O DIA procurou três operadoras de planos e seguros privados de assistência à saúde com taxas acima da média, segundo o levantamento da XP.

A Amil afirma, em nota, que “a aplicação do reajuste anual dos planos de saúde coletivos considera a correção necessária para manter o equilíbrio econômico-financeiro dos contratos levando em conta a sinistralidade apurada no período”. Além disso, também explica que “A Amil e a empresa-cliente analisam em conjunto a frequência de uso, a inflação médica e as características do produto contratado, buscando sempre a manutenção do benefício”.

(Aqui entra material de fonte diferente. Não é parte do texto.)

(* Let $V=\mathrm{span}_{\mathbb{F}_q}\{x_1,\dots,x_n\}\subset S$, let $m\ge1$, let $\lambda=(n^m)$ be the partition with $m$ parts all equal to $n$, and let $\mu\subseteq\lambda$ be a partition with conjugate $\mu'$. Then, in $\widehat S$, $$T_{\lambda/\mu}(V)=(-1)^{nm+|\mu|}\,\frac{\det\big(x_i^{q^{\,n+j-\mu'_j-1}}\big)_{1\le i,j\le n}}{\det\big(x_i^{q^{\,n+j-m-1}}\big)_{1\le i,j\le n}}.$$
   Context: Let $q$ be a power of a prime $p$, $S=\mathbb{F}_q[x_1,\dots,x_n]$, $\widehat S=\bigcup_{r\ge0}\mathbb{F}_q[x_1^{q^{-r}},\dots,x_n^{q^{-r}}]$ (so $x_i^{q^{e}}$ makes sense for all $e\in\mathbb{Z}$), $\varphi(u)=u^q$ the Frobenius automorphism of $\widehat S$. For a subspace $W\subset S$ of dimension $k$ with basis $w_1,\dots,w_k$ and strictly decreasing nonnegative integers $\alpha_1>\dots>\alpha_k$, $A_\alpha(W)=\det(w_i^{q^{\alpha_j}})_{i,j}$; for a partition $\lambda$ with at most $k$ nonzero parts, $S_\lambda(W)=A_{\lambda+\delta_k}(W)/A_{\delta_k}(W)$, $\delta_k=(k-1,\dots,0)$. $E_r(W)=S_{(1^r)}(W)$ for $0\le r\le k$, $E_r(W)=0$ otherwise. For partitions $\lambda,\mu$ with $N=\max\{\ell(\lambda),\ell(\mu)\}$ ($\ell$ = number of nonzero parts), $T_{\lambda/\mu}(W)=\det\big((-1)^{\lambda_i-\mu_j-i+j}\varphi^{\lambda_i-i}E_{\lambda_i-\mu_j-i+j}(W)\big)_{1\le i,j\le N}$. $|\mu|$ is the sum of the parts of $\mu$, and $\mu\subseteq\lambda$ means $\mu_i\le\lambda_i$ for all $i$. *)

theory Defs
  imports "HOL-Library.Poly_Mapping" "HOL-Library.Cardinality" "Jordan_Normal_Form.Determinant"
begin
lemma pvar_fser_eq_expectation_multiplicative:
  assumes per: "\<And>x. \<phi> (x + 1) = \<phi> x" and vanish: "\<And>k::int. \<phi> (of_int k) = 0"
    and b: "b > 0"
    and mult: "\<forall>x y. x > 0 \<longrightarrow> y > 0 \<longrightarrow> \<psi> (x * y) = \<psi> x * \<psi> y"
    and psi_pos: "\<psi> (1 / real b) > 0"
  shows "pvar b p 1 n (fser b \<xi> \<psi> \<phi>) =
    (\<psi> (1 / real b) powr p * real b) ^ n * measure_pmf.expectation (Ulaw b n)
      (\<lambda>U. \<bar>\<Sum>m=1..n. \<xi> (n - m) / (\<psi> (1 / real b) * real b) ^ m * Yrv b \<phi> m U\<bar> powr p)"
proof -
  define q where "q = \<psi> (1 / real b)"
  define S where "S U = (\<Sum>m=1..n. \<xi> (n - m) / (q * real b) ^ m * Yrv b \<phi> m U)" for U
  have "q > 0" using psi_pos by (simp add: q_def)
  have scale: "\<xi> (n - m) * \<psi> (1 / real b ^ (n - m)) / real b ^ m * y =
      q ^ n * (\<xi> (n - m) / (q * real b) ^ m * y)"
    if "m \<le> n" for m y
  proof -
    have "\<psi> (1 / real b ^ (n - m)) = q ^ (n - m)"
      using multiplicative_power[OF mult, of "1 / real b"] b psi_pos by (simp add: q_def power_one_over)
    moreover have "q ^ n = q ^ (n - m) * q ^ m"
      using that by (simp flip: power_add)
    ultimately show ?thesis
      using \<open>q > 0\<close> b by (simp add: power_mult_distrib)
  qed
  have "\<bar>\<Sum>m=1..n. \<xi> (n - m) * \<psi> (1 / real b ^ (n - m)) / real b ^ m * Yrv b \<phi> m U\<bar> powr p
      = (q powr p) ^ n * \<bar>S U\<bar> powr p" for U
  proof -
    have "(\<Sum>m=1..n. \<xi> (n - m) * \<psi> (1 / real b ^ (n - m)) / real b ^ m * Yrv b \<phi> m U) =
        q ^ n * S U"
      unfolding S_def sum_distrib_left by (intro sum.cong refl scale) simp
    moreover have "(q ^ n) powr p = (q powr p) ^ n"
      using \<open>q > 0\<close> by (simp add: powr_realpow[symmetric] powr_powr mult.commute)
    ultimately show ?thesis
      using \<open>q > 0\<close> by (simp add: abs_mult powr_mult)
  qed
  then have "pvar b p 1 n (fser b \<xi> \<psi> \<phi>) =
      real b ^ n * ((q powr p) ^ n * measure_pmf.expectation (Ulaw b n) (\<lambda>U. \<bar>S U\<bar> powr p))"
    by (simp add: pvar_fser_eq_expectation[OF per vanish b])
  then show ?thesis
    by (simp add: S_def q_def power_mult_distrib mult_ac)
qed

A Federação Nacional de Saúde Suplementar (FenaSaúde), que representa 13 grupos de operadoras de planos e seguros privados de assistência à saúde, inclusive a Bradesco Saúde, diz que o “reajuste dos planos de saúde reflete a variação das despesas assistenciais e é indispensável para garantir a manutenção e o aperfeiçoamento da oferta da assistência médica a seus beneficiários. Entre os fatores que influenciam o reajuste estão a inflação da saúde, representada pela evolução do custo da assistência; a obrigatoriedade da oferta de tratamentos cada vez mais caros, com doses, em alguns casos, a cifras milionárias; a ocorrência de fraudes; e a judicialização“.

Até a publicação do texto, a reportagem não conseguiu contato com a SulAmérica.